(Saved entries)
§ §
(* For every finite point set $P$ in general position, the graph $G_\bigtriangledown(P)\cap G_\bigtriangleup(P)$ (vertex set $P$, edge set the intersection of the edge sets) is connected.
   Context: A finite point set $P$ in the plane is in general position if no line through two points of $P$ makes an angle of $0^\circ$, $60^\circ$ or $120^\circ$ with the horizontal. A down-triangle (resp. up-triangle) is an equilateral triangle with one side parallel to the $x$-axis and the corner opposite to this side below (resp. above) that side. $G_\bigtriangledown(P)$ (resp. $G_\bigtriangleup(P)$) is the graph with vertex set $P$ in which $p,q$ are adjacent iff some (closed) down-triangle (resp. up-triangle) contains $p$ and $q$ and no other point of $P$. *)

theory Defs
  imports Complex_Main
begin

type_synonym point = "real \<times> real"

text \<open>General position: no line through two distinct points of P has angle
0, 60 or 120 degrees with the horizontal, i.e. slope 0, sqrt 3 or -sqrt 3.\<close>
definition general_position :: "point set \<Rightarrow> bool" where
  "general_position P \<longleftrightarrow>
     (\<forall>p\<in>P. \<forall>q\<in>P. p \<noteq> q \<longrightarrow>
        snd q - snd p \<noteq> 0 \<and>
        snd q - snd p \<noteq> sqrt 3 * (fst q - fst p) \<and>
        snd q - snd p \<noteq> - sqrt 3 * (fst q - fst p))"

text \<open>Closed down-triangle with bottom apex (ax, ay) and side length s > 0:
horizontal top side at height ay + s*sqrt 3/2.\<close>
definition down_triangle :: "real \<Rightarrow> real \<Rightarrow> real \<Rightarrow> point set" where
  "down_triangle ax ay s =
     {(x, y). ay \<le> y \<and> y \<le> ay + s * sqrt 3 / 2 \<and> \<bar>x - ax\<bar> \<le> (y - ay) / sqrt 3}"

text \<open>Closed up-triangle with top apex (ax, ay) and side length s > 0:
horizontal bottom side at height ay - s*sqrt 3/2.\<close>
definition up_triangle :: "real \<Rightarrow> real \<Rightarrow> real \<Rightarrow> point set" where
  "up_triangle ax ay s =
     {(x, y). ay - s * sqrt 3 / 2 \<le> y \<and> y \<le> ay \<and> \<bar>x - ax\<bar> \<le> (ay - y) / sqrt 3}"

definition G_down :: "point set \<Rightarrow> point \<Rightarrow> point \<Rightarrow> bool" where
  "G_down P p q \<longleftrightarrow> p \<in> P \<and> q \<in> P \<and> p \<noteq> q \<and>
     (\<exists>ax ay s. s > 0 \<and> down_triangle ax ay s \<inter> P = {p, q})"

definition G_up :: "point set \<Rightarrow> point \<Rightarrow> point \<Rightarrow> bool" where
  "G_up P p q \<longleftrightarrow> p \<in> P \<and> q \<in> P \<and> p \<noteq> q \<and>
     (\<exists>ax ay s. s > 0 \<and> up_triangle ax ay s \<inter> P = {p, q})"

definition connected_graph :: "'a set \<Rightarrow> ('a \<Rightarrow> 'a \<Rightarrow> bool) \<Rightarrow> bool" where
  "connected_graph V E \<longleftrightarrow>
     (\<forall>u\<in>V. \<forall>v\<in>V. (\<lambda>a b. a \<in> V \<and> b \<in> V \<and> E a b)\<^sup>*\<^sup>* u v)"

end

theory Submission
  imports Defs
begin

(* Use the three "triangular coordinates"
     tri1 p = 2y,   tri2 p = sqrt 3 x - y,   tri3 p = -sqrt 3 x - y,
   which sum to zero.  A closed down-triangle is exactly a set
   {tri1 \<le> c1, tri2 \<le> c2, tri3 \<le> c3} with c1 + c2 + c3 > 0, and an up-triangle a set
   {tri1 \<ge> c1, tri2 \<ge> c2, tri3 \<ge> c3} with c1 + c2 + c3 < 0.  Hence for p \<noteq> q the
   smallest down-triangle (resp. up-triangle) containing p and q is obtained with
   c_i = max (resp. min) of the coordinates of p and q.  If it contains a further
   point r of P, then r is strictly closer to both p and q than p and q are to each
   other, in the hexagonal distance  tri_dist p q = \<Sum>i |tri_i p - tri_i q|
   (this is where general position is used).
   So any pair p, q that is not an edge of both graphs has such a "shortcut" r in P.
   A general lemma about finite sets with a distance shows that this property forces
   connectivity: induct on the number of pairs that are strictly closer than p, q. *)

section \<open>Connectivity from shortcuts\<close>

text \<open>If every non-adjacent pair u, v of a finite set has a third vertex strictly
closer to both ends, the graph is connected: induction on the number of pairs
of V that are closer than u, v.\<close>

lemma connected_graph_by_shortcuts:
  fixes V :: "'a set" and d :: "'a \<Rightarrow> 'a \<Rightarrow> real"
  assumes fin: "finite V"
    and shortcut: "\<And>u v. u \<in> V \<Longrightarrow> v \<in> V \<Longrightarrow> u \<noteq> v \<Longrightarrow> \<not> E u v \<Longrightarrow>
                     \<exists>w\<in>V. d u w < d u v \<and> d w v < d u v"
  shows "connected_graph V E"
proof -
  define E' where "E' = (\<lambda>a b. a \<in> V \<and> b \<in> V \<and> E a b)"
  define closer where "closer u v = {(a, b) \<in> V \<times> V. d a b < d u v}" for u v
  have closer_fin: "finite (closer u v)" for u v
    unfolding closer_def by (rule finite_subset[of _ "V \<times> V"]) (use fin in auto)
  have closer_smaller: "card (closer a b) < card (closer u v)"
    if "a \<in> V" "b \<in> V" "d a b < d u v" for a b u v
  proof -
    have "closer a b \<subset> closer u v" unfolding closer_def using that by auto
    then show ?thesis using closer_fin psubset_card_mono by blast
  qed
  have "E'\<^sup>*\<^sup>* u v" if "u \<in> V" "v \<in> V" for u v
    using that
  proof (induction "card (closer u v)" arbitrary: u v rule: less_induct)
    case less
    show ?case
    proof (cases "u = v \<or> E u v")
      case True
      then show ?thesis using less.prems unfolding E'_def by auto
    next
      case False
      then obtain w where w: "w \<in> V" "d u w < d u v" "d w v < d u v"
        using shortcut less.prems by blast
      have "E'\<^sup>*\<^sup>* u w" "E'\<^sup>*\<^sup>* w v"
        using less.hyps closer_smaller w less.prems by blast+
      then show ?thesis by (rule rtranclp_trans)
    qed
  qed
  then show ?thesis unfolding connected_graph_def E'_def by blast
qed

section \<open>Triangular coordinates and the hexagonal distance\<close>

text \<open>The three coordinates are the (scaled) signed distances to lines of slope
0, sqrt 3 and -sqrt 3; their sum vanishes identically.  The hexagonal distance is
the l1 distance in these coordinates.\<close>

definition tri1 :: "point \<Rightarrow> real" where "tri1 p = 2 * snd p"
definition tri2 :: "point \<Rightarrow> real" where "tri2 p = sqrt 3 * fst p - snd p"
definition tri3 :: "point \<Rightarrow> real" where "tri3 p = - sqrt 3 * fst p - snd p"

definition tri_dist :: "point \<Rightarrow> point \<Rightarrow> real" where
  "tri_dist p q = \<bar>tri1 p - tri1 q\<bar> + \<bar>tri2 p - tri2 q\<bar> + \<bar>tri3 p - tri3 q\<bar>"

lemma tri_dist_sym: "tri_dist p q = tri_dist q p"
  by (simp add: tri_dist_def abs_minus_commute)

lemma tri_sum: "tri1 p + tri2 p + tri3 p = 0"
  by (simp add: tri1_def tri2_def tri3_def)

lemma general_position_tri:
  assumes "general_position P" "p \<in> P" "q \<in> P" "p \<noteq> q"
  shows "tri1 p \<noteq> tri1 q" "tri2 p \<noteq> tri2 q" "tri3 p \<noteq> tri3 q"
  using assms unfolding general_position_def tri1_def tri2_def tri3_def
  by (auto simp: algebra_simps)

lemma hex_dist_decreases:
  fixes p1 p2 p3 q1 q2 q3 r1 r2 r3 :: real
  assumes "p1 + p2 + p3 = 0" "q1 + q2 + q3 = 0" "r1 + r2 + r3 = 0"
    and "q1 \<noteq> r1" "q2 \<noteq> r2" "q3 \<noteq> r3" "p1 \<noteq> q1"
    and "r1 \<le> max p1 q1" "r2 \<le> max p2 q2" "r3 \<le> max p3 q3"
  shows "\<bar>p1 - r1\<bar> + \<bar>p2 - r2\<bar> + \<bar>p3 - r3\<bar> < \<bar>p1 - q1\<bar> + \<bar>p2 - q2\<bar> + \<bar>p3 - q3\<bar>"
  using assms by (auto simp: abs_if max_def split: if_splits)

lemma tri_dist_decreases_max:
  assumes "general_position P" "p \<in> P" "q \<in> P" "r \<in> P" "p \<noteq> q" "r \<noteq> q"
    and "tri1 r \<le> max (tri1 p) (tri1 q)" "tri2 r \<le> max (tri2 p) (tri2 q)"
      "tri3 r \<le> max (tri3 p) (tri3 q)"
  shows "tri_dist p r < tri_dist p q"
  unfolding tri_dist_def
  by (rule hex_dist_decreases[OF tri_sum tri_sum tri_sum])
     (use assms general_position_tri[of P] in auto)

lemma tri_dist_decreases_min:
  assumes "general_position P" "p \<in> P" "q \<in> P" "r \<in> P" "p \<noteq> q" "r \<noteq> q"
    and "tri1 r \<ge> min (tri1 p) (tri1 q)" "tri2 r \<ge> min (tri2 p) (tri2 q)"
      "tri3 r \<ge> min (tri3 p) (tri3 q)"
  shows "tri_dist p r < tri_dist p q"
proof -
  have "\<bar>- tri1 p - - tri1 r\<bar> + \<bar>- tri2 p - - tri2 r\<bar> + \<bar>- tri3 p - - tri3 r\<bar>
      < \<bar>- tri1 p - - tri1 q\<bar> + \<bar>- tri2 p - - tri2 q\<bar> + \<bar>- tri3 p - - tri3 q\<bar>"
    by (rule hex_dist_decreases)
       (use assms general_position_tri[of P] tri_sum[of p] tri_sum[of q] tri_sum[of r] in auto)
  then show ?thesis unfolding tri_dist_def by (simp add: abs_minus_commute)
qed

section \<open>Triangles as intersections of coordinate half-planes\<close>

lemma down_triangle_tri:
  "down_triangle ax ay s =
     {p. tri1 p \<le> 2 * ay + s * sqrt 3 \<and> tri2 p \<le> sqrt 3 * ax - ay \<and> tri3 p \<le> - sqrt 3 * ax - ay}"
proof -
  have "(x, y) \<in> down_triangle ax ay s \<longleftrightarrow>
          2 * y \<le> 2 * ay + s * sqrt 3 \<and> sqrt 3 * x - y \<le> sqrt 3 * ax - ay \<and>
          - sqrt 3 * x - y \<le> - sqrt 3 * ax - ay" for x y
  proof -
    have "\<bar>sqrt 3 * x - sqrt 3 * ax\<bar> = sqrt 3 * \<bar>x - ax\<bar>"
      by (simp flip: right_diff_distrib add: abs_mult)
    then have "\<bar>x - ax\<bar> \<le> (y - ay) / sqrt 3 \<longleftrightarrow> \<bar>sqrt 3 * x - sqrt 3 * ax\<bar> \<le> y - ay"
      by (simp add: pos_le_divide_eq mult.commute)
    then show ?thesis unfolding down_triangle_def by (auto simp: abs_le_iff)
  qed
  then show ?thesis by (auto simp: tri1_def tri2_def tri3_def)
qed

lemma up_triangle_tri:
  "up_triangle ax ay s =
     {p. tri1 p \<ge> 2 * ay - s * sqrt 3 \<and> tri2 p \<ge> sqrt 3 * ax - ay \<and> tri3 p \<ge> - sqrt 3 * ax - ay}"
proof -
  have "(x, y) \<in> up_triangle ax ay s \<longleftrightarrow>
          2 * y \<ge> 2 * ay - s * sqrt 3 \<and> sqrt 3 * x - y \<ge> sqrt 3 * ax - ay \<and>
          - sqrt 3 * x - y \<ge> - sqrt 3 * ax - ay" for x y
  proof -
    have "\<bar>sqrt 3 * x - sqrt 3 * ax\<bar> = sqrt 3 * \<bar>x - ax\<bar>"
      by (simp flip: right_diff_distrib add: abs_mult)
    then have "\<bar>x - ax\<bar> \<le> (ay - y) / sqrt 3 \<longleftrightarrow> \<bar>sqrt 3 * x - sqrt 3 * ax\<bar> \<le> ay - y"
      by (simp add: pos_le_divide_eq mult.commute)
    then show ?thesis unfolding up_triangle_def by (auto simp: abs_le_iff)
  qed
  then show ?thesis by (auto simp: tri1_def tri2_def tri3_def)
qed

lemma down_triangle_of_bounds:
  assumes "c1 + c2 + c3 > 0"
  shows "\<exists>ax ay s. s > 0 \<and> down_triangle ax ay s = {p. tri1 p \<le> c1 \<and> tri2 p \<le> c2 \<and> tri3 p \<le> c3}"
proof -
  have t: "sqrt 3 > 0" "sqrt 3 * sqrt 3 = (3::real)" by auto
  define ax where "ax = (c2 - c3) / (2 * sqrt 3)"
  define ay where "ay = - (c2 + c3) / 2"
  define s where "s = (c1 + c2 + c3) / sqrt 3"
  have "2 * ay + s * sqrt 3 = c1" "sqrt 3 * ax - ay = c2" "- sqrt 3 * ax - ay = c3"
    using t by (simp_all add: ax_def ay_def s_def field_simps)
  then have "down_triangle ax ay s = {p. tri1 p \<le> c1 \<and> tri2 p \<le> c2 \<and> tri3 p \<le> c3}"
    unfolding down_triangle_tri by simp
  moreover have "s > 0" using assms by (simp add: s_def)
  ultimately show ?thesis by blast
qed

lemma up_triangle_of_bounds:
  assumes "c1 + c2 + c3 < 0"
  shows "\<exists>ax ay s. s > 0 \<and> up_triangle ax ay s = {p. tri1 p \<ge> c1 \<and> tri2 p \<ge> c2 \<and> tri3 p \<ge> c3}"
proof -
  have t: "sqrt 3 > 0" "sqrt 3 * sqrt 3 = (3::real)" by auto
  define ax where "ax = (c2 - c3) / (2 * sqrt 3)"
  define ay where "ay = - (c2 + c3) / 2"
  define s where "s = - (c1 + c2 + c3) / sqrt 3"
  have "2 * ay - s * sqrt 3 = c1" "sqrt 3 * ax - ay = c2" "- sqrt 3 * ax - ay = c3"
    using t by (simp_all add: ax_def ay_def s_def field_simps)
  then have "up_triangle ax ay s = {p. tri1 p \<ge> c1 \<and> tri2 p \<ge> c2 \<and> tri3 p \<ge> c3}"
    unfolding up_triangle_tri by simp
  moreover have "s > 0" using assms by (simp add: s_def)
  ultimately show ?thesis by blast
qed

text \<open>If p q is not an edge of the down-graph, the smallest down-triangle
through p and q contains a third point r of P, which is closer to both.\<close>

lemma shortcut_down:
  assumes gp: "general_position P" and pq: "p \<in> P" "q \<in> P" "p \<noteq> q"
    and not_edge: "\<not> G_down P p q"
  shows "\<exists>r\<in>P. tri_dist p r < tri_dist p q \<and> tri_dist r q < tri_dist p q"
proof -
  let ?T = "{x. tri1 x \<le> max (tri1 p) (tri1 q) \<and> tri2 x \<le> max (tri2 p) (tri2 q) \<and>
                tri3 x \<le> max (tri3 p) (tri3 q)}"
  have "tri1 p \<noteq> tri1 q" using general_position_tri[OF gp pq] by simp
  then have "max (tri1 p) (tri1 q) + max (tri2 p) (tri2 q) + max (tri3 p) (tri3 q) > 0"
    using tri_sum[of p] tri_sum[of q] by (auto simp: max_def)
  then obtain ax ay s where "s > 0" and "down_triangle ax ay s = ?T"
    using down_triangle_of_bounds by blast
  with not_edge pq have "?T \<inter> P \<noteq> {p, q}" unfolding G_down_def by blast
  moreover have "p \<in> ?T" "q \<in> ?T" by auto
  ultimately obtain r where r: "r \<in> P" "r \<in> ?T" "r \<noteq> p" "r \<noteq> q" using pq by blast
  have "tri_dist p r < tri_dist p q"
    using tri_dist_decreases_max[OF gp pq(1,2) r(1) pq(3) r(4)] r(2) by auto
  moreover have "tri_dist q r < tri_dist q p"
    using tri_dist_decreases_max[OF gp pq(2,1) r(1) pq(3)[symmetric] r(3)] r(2)
    by (auto simp: max.commute)
  ultimately show ?thesis using r(1) tri_dist_sym by metis
qed

lemma shortcut_up:
  assumes gp: "general_position P" and pq: "p \<in> P" "q \<in> P" "p \<noteq> q"
    and not_edge: "\<not> G_up P p q"
  shows "\<exists>r\<in>P. tri_dist p r < tri_dist p q \<and> tri_dist r q < tri_dist p q"
proof -
  let ?T = "{x. tri1 x \<ge> min (tri1 p) (tri1 q) \<and> tri2 x \<ge> min (tri2 p) (tri2 q) \<and>
                tri3 x \<ge> min (tri3 p) (tri3 q)}"
  have "tri1 p \<noteq> tri1 q" using general_position_tri[OF gp pq] by simp
  then have "min (tri1 p) (tri1 q) + min (tri2 p) (tri2 q) + min (tri3 p) (tri3 q) < 0"
    using tri_sum[of p] tri_sum[of q] by (auto simp: min_def)
  then obtain ax ay s where "s > 0" and "up_triangle ax ay s = ?T"
    using up_triangle_of_bounds by blast
  with not_edge pq have "?T \<inter> P \<noteq> {p, q}" unfolding G_up_def by blast
  moreover have "p \<in> ?T" "q \<in> ?T" by auto
  ultimately obtain r where r: "r \<in> P" "r \<in> ?T" "r \<noteq> p" "r \<noteq> q" using pq by blast
  have "tri_dist p r < tri_dist p q"
    using tri_dist_decreases_min[OF gp pq(1,2) r(1) pq(3) r(4)] r(2) by auto
  moreover have "tri_dist q r < tri_dist q p"
    using tri_dist_decreases_min[OF gp pq(2,1) r(1) pq(3)[symmetric] r(3)] r(2)
    by (auto simp: min.commute)
  ultimately show ?thesis using r(1) tri_dist_sym by metis
qed

theorem lemma8:
  fixes P :: "point set"
  assumes "finite P" and "general_position P"
  shows "connected_graph P (\<lambda>p q. G_down P p q \<and> G_up P p q)"
  using assms(1)
proof (rule connected_graph_by_shortcuts[where d = tri_dist])
  fix u v assume "u \<in> P" "v \<in> P" "u \<noteq> v" "\<not> (G_down P u v \<and> G_up P u v)"
  then show "\<exists>w\<in>P. tri_dist u w < tri_dist u v \<and> tri_dist w v < tri_dist u v"
    using shortcut_down[OF assms(2)] shortcut_up[OF assms(2)] by blast
qed

end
§ §
→ What is required
Only the lines above from the line containing "min (tri2 p) (tri2 q) \<and>" through the line containing "using tri_sum[of p] tri_sum[of q] by (auto simp: min_def)" should be retyped, exactly and with both ends included.

→ Task answer
  let ?T = "{x. tri1 x \<ge> min (tri1 p) (tri1 q) \<and> tri2 x \<ge> min (tri2 p) (tri2 q) \<and>
                tri3 x \<ge> min (tri3 p) (tri3 q)}"
  have "tri1 p \<noteq> tri1 q" using general_position_tri[OF gp pq] by simp
  then have "min (tri1 p) (tri1 q) + min (tri2 p) (tri2 q) + min (tri3 p) (tri3 q) < 0"
    using tri_sum[of p] tri_sum[of q] by (auto simp: min_def)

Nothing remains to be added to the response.